◆ EXERCISE INSTRUCTIONS: The reply to the records below should contain exactly the lines from the line with "1 (\<lambda>xs. Suc" through the line with "n (\<lambda>xs. f", and nothing besides.

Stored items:

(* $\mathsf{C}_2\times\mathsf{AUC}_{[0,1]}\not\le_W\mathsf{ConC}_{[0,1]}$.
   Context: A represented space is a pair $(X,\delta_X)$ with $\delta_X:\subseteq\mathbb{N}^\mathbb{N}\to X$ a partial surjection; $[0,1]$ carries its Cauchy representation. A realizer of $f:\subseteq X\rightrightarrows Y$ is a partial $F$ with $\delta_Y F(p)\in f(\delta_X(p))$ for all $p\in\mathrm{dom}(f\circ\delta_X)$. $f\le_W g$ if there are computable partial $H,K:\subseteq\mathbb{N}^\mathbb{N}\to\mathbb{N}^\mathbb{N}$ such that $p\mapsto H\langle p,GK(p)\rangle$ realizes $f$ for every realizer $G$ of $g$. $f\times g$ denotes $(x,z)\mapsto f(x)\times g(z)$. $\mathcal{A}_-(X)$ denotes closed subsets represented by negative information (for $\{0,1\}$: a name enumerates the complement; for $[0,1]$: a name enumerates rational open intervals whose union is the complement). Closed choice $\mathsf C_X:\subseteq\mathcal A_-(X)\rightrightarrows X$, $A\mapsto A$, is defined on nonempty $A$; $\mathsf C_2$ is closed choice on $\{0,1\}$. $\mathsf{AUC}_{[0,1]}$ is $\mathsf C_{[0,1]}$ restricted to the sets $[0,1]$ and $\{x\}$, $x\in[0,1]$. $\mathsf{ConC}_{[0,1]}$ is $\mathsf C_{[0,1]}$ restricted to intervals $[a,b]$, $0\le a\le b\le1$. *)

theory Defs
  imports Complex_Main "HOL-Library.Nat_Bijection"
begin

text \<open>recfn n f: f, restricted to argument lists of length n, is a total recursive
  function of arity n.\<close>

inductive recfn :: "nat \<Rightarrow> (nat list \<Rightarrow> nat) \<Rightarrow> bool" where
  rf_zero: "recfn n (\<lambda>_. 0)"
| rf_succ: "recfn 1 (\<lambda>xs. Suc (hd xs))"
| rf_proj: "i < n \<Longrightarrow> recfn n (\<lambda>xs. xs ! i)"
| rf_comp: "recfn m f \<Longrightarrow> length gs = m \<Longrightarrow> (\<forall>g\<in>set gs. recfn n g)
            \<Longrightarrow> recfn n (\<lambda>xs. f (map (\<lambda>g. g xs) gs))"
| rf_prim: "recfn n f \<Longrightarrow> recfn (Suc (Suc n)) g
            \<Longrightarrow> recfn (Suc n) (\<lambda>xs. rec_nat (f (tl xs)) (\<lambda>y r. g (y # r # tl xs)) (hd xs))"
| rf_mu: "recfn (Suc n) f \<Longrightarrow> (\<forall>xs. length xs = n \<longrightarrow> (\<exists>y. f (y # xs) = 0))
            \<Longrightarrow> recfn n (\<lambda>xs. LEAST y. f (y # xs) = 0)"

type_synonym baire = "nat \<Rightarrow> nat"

---

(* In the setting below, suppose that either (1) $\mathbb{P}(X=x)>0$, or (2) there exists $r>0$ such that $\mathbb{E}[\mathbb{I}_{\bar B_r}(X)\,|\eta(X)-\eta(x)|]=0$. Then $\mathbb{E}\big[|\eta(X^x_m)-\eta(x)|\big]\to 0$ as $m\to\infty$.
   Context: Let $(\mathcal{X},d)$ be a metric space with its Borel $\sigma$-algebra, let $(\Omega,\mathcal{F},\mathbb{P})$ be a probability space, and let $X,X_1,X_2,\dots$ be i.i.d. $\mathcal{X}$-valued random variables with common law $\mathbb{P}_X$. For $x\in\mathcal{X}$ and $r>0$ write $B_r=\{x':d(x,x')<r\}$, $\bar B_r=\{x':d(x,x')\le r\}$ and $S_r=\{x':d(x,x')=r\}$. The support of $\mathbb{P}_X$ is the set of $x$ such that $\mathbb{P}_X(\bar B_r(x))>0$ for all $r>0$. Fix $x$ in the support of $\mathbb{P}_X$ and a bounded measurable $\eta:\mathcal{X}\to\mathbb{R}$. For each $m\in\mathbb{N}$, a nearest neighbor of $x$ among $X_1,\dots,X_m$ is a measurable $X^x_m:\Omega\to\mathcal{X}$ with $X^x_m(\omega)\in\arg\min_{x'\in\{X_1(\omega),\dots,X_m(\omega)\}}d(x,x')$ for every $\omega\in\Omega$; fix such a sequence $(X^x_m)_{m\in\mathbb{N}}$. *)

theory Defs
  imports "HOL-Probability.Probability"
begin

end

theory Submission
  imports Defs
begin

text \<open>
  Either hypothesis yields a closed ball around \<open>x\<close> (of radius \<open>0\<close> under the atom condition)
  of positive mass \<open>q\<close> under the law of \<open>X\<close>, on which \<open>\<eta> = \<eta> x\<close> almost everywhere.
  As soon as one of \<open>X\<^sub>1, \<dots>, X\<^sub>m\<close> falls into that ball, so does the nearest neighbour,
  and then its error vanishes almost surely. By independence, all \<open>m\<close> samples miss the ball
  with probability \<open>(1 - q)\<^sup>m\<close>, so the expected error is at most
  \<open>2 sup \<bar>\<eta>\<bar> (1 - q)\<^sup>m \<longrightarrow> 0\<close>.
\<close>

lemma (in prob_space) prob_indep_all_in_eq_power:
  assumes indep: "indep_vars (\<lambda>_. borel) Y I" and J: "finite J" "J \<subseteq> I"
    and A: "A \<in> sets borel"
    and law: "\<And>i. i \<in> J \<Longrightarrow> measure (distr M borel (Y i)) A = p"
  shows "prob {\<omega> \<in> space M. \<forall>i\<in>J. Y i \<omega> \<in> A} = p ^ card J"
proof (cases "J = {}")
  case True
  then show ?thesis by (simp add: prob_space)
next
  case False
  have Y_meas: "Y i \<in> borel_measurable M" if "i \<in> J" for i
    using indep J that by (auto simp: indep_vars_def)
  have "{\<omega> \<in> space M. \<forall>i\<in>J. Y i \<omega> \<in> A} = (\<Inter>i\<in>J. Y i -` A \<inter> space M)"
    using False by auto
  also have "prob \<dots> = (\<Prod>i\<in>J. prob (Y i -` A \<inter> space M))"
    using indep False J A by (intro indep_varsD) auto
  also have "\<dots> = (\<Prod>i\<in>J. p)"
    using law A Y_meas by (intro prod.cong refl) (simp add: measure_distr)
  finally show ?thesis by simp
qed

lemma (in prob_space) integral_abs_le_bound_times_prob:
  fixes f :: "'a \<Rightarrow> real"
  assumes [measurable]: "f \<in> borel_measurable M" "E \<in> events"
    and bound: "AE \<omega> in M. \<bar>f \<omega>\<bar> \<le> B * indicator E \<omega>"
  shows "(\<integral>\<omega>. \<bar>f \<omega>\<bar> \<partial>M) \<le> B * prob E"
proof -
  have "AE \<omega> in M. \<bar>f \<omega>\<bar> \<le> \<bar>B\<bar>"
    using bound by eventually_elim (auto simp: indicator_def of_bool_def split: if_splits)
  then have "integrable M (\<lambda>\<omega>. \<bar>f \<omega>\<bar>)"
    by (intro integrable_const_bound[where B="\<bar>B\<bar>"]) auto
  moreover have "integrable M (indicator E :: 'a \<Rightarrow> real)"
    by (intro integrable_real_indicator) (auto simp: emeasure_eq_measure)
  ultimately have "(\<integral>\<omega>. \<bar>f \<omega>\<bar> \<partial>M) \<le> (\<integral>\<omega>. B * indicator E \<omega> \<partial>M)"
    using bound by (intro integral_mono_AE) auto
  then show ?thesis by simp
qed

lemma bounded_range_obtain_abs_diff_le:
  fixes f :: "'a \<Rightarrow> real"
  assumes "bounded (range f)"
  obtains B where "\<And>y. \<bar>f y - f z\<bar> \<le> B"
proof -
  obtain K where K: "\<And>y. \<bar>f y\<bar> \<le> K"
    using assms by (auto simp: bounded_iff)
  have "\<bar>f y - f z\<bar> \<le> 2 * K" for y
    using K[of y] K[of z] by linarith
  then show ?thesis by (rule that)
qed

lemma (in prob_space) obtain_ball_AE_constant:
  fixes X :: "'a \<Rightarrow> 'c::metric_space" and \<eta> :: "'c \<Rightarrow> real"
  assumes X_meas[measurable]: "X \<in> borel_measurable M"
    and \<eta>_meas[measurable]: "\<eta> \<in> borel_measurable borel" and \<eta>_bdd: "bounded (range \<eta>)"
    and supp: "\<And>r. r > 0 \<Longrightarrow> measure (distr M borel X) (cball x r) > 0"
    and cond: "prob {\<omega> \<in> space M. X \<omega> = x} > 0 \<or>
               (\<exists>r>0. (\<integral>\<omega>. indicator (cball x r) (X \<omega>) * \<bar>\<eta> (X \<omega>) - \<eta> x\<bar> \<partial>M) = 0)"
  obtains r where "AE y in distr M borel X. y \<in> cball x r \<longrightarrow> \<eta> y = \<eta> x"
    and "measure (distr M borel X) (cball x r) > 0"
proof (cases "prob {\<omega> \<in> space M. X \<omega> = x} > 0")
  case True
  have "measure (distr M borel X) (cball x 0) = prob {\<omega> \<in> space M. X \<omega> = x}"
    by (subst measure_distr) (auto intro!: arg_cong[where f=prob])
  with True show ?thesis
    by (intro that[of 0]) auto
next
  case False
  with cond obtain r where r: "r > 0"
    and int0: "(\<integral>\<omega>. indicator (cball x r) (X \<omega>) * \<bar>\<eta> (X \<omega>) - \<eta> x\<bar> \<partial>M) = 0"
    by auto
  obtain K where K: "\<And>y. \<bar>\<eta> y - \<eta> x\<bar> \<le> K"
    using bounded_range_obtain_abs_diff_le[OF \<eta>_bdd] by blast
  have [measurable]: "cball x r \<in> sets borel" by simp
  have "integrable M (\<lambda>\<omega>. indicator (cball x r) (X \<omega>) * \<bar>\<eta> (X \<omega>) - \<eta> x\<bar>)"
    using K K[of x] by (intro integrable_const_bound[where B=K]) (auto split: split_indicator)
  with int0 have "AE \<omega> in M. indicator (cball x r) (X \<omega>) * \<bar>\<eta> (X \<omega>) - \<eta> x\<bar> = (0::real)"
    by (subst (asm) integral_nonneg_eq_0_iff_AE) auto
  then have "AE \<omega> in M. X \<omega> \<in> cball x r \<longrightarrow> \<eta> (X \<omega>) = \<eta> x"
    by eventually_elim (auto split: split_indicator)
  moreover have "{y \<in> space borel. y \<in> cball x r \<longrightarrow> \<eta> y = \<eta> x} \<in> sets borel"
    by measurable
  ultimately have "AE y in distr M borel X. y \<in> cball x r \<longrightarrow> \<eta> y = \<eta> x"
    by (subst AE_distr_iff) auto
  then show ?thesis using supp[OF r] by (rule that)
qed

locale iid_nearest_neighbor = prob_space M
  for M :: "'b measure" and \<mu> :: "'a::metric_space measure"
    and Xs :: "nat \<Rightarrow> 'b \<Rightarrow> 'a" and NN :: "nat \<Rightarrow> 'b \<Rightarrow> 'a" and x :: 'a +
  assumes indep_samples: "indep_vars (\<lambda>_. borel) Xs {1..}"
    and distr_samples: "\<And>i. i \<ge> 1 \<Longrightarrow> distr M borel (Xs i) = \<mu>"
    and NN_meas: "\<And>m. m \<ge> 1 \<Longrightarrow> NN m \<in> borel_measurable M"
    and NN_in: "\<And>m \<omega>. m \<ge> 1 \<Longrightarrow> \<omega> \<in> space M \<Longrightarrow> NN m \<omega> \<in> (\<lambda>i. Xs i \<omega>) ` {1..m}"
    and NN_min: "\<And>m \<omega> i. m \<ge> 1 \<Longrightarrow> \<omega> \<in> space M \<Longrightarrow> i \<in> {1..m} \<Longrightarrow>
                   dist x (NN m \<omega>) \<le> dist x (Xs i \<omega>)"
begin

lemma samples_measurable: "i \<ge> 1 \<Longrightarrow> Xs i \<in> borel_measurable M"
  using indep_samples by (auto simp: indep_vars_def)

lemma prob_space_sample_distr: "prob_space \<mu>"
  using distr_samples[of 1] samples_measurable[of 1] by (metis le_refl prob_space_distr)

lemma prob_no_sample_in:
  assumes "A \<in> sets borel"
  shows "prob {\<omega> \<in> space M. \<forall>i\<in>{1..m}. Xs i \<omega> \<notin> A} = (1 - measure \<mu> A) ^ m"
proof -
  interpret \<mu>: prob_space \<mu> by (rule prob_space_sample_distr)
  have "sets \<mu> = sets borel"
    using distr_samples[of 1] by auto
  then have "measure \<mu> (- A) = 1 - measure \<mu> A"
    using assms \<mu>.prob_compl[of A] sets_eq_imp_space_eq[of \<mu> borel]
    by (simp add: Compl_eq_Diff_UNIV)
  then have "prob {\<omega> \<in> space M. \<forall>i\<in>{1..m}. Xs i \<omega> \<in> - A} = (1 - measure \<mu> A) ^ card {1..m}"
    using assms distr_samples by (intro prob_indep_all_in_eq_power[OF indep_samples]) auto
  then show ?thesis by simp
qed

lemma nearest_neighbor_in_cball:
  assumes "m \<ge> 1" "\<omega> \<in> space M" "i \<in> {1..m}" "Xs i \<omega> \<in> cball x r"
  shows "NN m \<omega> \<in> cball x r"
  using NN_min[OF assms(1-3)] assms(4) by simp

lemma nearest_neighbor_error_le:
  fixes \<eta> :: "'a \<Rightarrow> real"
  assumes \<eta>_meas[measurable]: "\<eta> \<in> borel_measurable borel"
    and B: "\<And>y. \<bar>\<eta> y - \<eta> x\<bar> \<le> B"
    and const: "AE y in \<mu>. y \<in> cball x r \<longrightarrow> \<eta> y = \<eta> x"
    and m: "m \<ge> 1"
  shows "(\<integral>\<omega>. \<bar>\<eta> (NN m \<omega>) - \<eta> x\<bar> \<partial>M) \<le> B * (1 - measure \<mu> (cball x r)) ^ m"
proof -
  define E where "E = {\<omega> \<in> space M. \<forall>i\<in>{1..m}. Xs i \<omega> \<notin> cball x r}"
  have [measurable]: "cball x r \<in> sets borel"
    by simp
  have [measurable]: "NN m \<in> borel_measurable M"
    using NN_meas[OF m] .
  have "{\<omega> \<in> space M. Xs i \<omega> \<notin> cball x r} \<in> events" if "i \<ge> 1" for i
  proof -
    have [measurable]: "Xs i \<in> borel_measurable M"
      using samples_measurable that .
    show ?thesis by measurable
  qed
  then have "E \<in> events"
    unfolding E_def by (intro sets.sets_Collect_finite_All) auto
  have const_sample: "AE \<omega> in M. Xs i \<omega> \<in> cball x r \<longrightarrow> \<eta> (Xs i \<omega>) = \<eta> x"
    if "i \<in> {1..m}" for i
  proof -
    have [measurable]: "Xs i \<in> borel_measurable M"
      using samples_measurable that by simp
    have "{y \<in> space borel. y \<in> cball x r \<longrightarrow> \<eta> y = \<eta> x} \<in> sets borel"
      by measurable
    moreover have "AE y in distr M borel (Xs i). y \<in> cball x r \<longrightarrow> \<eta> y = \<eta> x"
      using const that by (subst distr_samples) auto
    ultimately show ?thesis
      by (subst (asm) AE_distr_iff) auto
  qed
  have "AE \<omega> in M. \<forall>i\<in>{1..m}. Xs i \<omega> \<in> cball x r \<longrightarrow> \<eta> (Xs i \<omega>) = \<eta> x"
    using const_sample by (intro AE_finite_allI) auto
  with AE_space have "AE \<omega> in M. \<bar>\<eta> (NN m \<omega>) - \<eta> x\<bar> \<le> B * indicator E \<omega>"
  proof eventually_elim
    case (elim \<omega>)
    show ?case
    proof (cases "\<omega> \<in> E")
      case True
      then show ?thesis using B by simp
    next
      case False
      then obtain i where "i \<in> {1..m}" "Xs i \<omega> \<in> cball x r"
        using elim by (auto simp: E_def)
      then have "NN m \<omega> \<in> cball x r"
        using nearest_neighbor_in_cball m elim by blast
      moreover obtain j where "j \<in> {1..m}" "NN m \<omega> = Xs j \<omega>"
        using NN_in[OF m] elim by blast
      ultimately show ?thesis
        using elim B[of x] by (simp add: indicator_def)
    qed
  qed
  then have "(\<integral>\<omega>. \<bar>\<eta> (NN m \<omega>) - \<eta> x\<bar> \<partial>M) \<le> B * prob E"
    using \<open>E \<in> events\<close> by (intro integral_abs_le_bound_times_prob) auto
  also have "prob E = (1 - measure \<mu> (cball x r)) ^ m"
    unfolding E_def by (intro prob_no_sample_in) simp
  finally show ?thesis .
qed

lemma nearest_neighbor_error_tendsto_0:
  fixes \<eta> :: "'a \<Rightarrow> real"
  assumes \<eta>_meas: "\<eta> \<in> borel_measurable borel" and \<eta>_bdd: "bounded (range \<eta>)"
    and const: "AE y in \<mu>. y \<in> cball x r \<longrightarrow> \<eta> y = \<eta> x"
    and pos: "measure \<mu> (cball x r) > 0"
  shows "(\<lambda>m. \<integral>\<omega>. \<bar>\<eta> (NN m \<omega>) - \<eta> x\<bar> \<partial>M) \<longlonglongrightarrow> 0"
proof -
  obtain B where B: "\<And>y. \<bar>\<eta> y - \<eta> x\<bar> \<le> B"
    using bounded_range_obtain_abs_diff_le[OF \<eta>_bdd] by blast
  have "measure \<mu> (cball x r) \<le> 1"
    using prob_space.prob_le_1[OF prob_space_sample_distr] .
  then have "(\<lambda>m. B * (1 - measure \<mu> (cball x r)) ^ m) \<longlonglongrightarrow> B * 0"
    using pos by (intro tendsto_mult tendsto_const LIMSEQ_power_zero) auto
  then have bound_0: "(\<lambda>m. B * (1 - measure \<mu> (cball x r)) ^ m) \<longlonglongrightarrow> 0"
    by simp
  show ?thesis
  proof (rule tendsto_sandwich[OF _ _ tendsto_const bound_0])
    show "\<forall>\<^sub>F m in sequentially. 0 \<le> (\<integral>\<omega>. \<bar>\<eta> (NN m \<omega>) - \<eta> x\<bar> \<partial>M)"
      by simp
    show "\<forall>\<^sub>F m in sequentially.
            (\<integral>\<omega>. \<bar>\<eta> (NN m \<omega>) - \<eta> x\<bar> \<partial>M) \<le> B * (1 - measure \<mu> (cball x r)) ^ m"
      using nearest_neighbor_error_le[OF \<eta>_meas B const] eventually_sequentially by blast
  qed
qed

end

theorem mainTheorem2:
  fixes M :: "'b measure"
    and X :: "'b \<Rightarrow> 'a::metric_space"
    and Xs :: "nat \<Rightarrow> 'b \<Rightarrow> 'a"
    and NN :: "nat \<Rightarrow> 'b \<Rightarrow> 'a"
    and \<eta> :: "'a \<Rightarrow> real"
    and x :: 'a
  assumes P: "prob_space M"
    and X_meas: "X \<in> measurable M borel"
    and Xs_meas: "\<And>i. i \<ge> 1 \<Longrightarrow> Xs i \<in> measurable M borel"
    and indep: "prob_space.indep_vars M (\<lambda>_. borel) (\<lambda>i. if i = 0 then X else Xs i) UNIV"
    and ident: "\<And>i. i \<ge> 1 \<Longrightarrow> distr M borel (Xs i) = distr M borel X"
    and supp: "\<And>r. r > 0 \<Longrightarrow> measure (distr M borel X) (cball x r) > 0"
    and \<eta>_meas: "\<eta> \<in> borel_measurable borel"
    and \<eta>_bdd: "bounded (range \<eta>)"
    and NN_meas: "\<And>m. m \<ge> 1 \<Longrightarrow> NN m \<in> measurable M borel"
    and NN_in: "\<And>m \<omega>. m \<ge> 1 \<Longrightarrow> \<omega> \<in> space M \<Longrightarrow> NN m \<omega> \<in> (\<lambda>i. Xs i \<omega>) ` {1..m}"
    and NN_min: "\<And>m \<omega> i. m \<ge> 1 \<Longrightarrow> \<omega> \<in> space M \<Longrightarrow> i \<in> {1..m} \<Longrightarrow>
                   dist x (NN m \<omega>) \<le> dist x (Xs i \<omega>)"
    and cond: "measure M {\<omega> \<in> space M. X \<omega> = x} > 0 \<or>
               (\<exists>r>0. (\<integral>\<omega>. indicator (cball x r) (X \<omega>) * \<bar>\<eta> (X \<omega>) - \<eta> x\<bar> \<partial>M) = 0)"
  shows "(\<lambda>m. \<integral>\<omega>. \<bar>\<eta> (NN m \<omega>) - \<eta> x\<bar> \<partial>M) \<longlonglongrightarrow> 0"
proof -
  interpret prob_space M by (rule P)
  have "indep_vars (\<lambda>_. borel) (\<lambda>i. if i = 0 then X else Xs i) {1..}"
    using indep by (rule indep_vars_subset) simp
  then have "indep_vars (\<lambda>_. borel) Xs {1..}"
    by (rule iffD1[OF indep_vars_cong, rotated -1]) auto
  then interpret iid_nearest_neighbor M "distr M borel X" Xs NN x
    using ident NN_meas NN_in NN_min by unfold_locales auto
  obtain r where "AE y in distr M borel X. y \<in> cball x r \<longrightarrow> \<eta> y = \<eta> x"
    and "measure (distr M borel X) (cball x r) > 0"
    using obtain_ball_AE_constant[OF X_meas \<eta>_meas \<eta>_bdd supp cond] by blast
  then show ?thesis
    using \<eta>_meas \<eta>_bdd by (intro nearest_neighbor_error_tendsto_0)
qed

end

◆ SOLUTION:
| rf_succ: "recfn 1 (\<lambda>xs. Suc (hd xs))"
| rf_proj: "i < n \<Longrightarrow> recfn n (\<lambda>xs. xs ! i)"
| rf_comp: "recfn m f \<Longrightarrow> length gs = m \<Longrightarrow> (\<forall>g\<in>set gs. recfn n g)
            \<Longrightarrow> recfn n (\<lambda>xs. f (map (\<lambda>g. g xs) gs))"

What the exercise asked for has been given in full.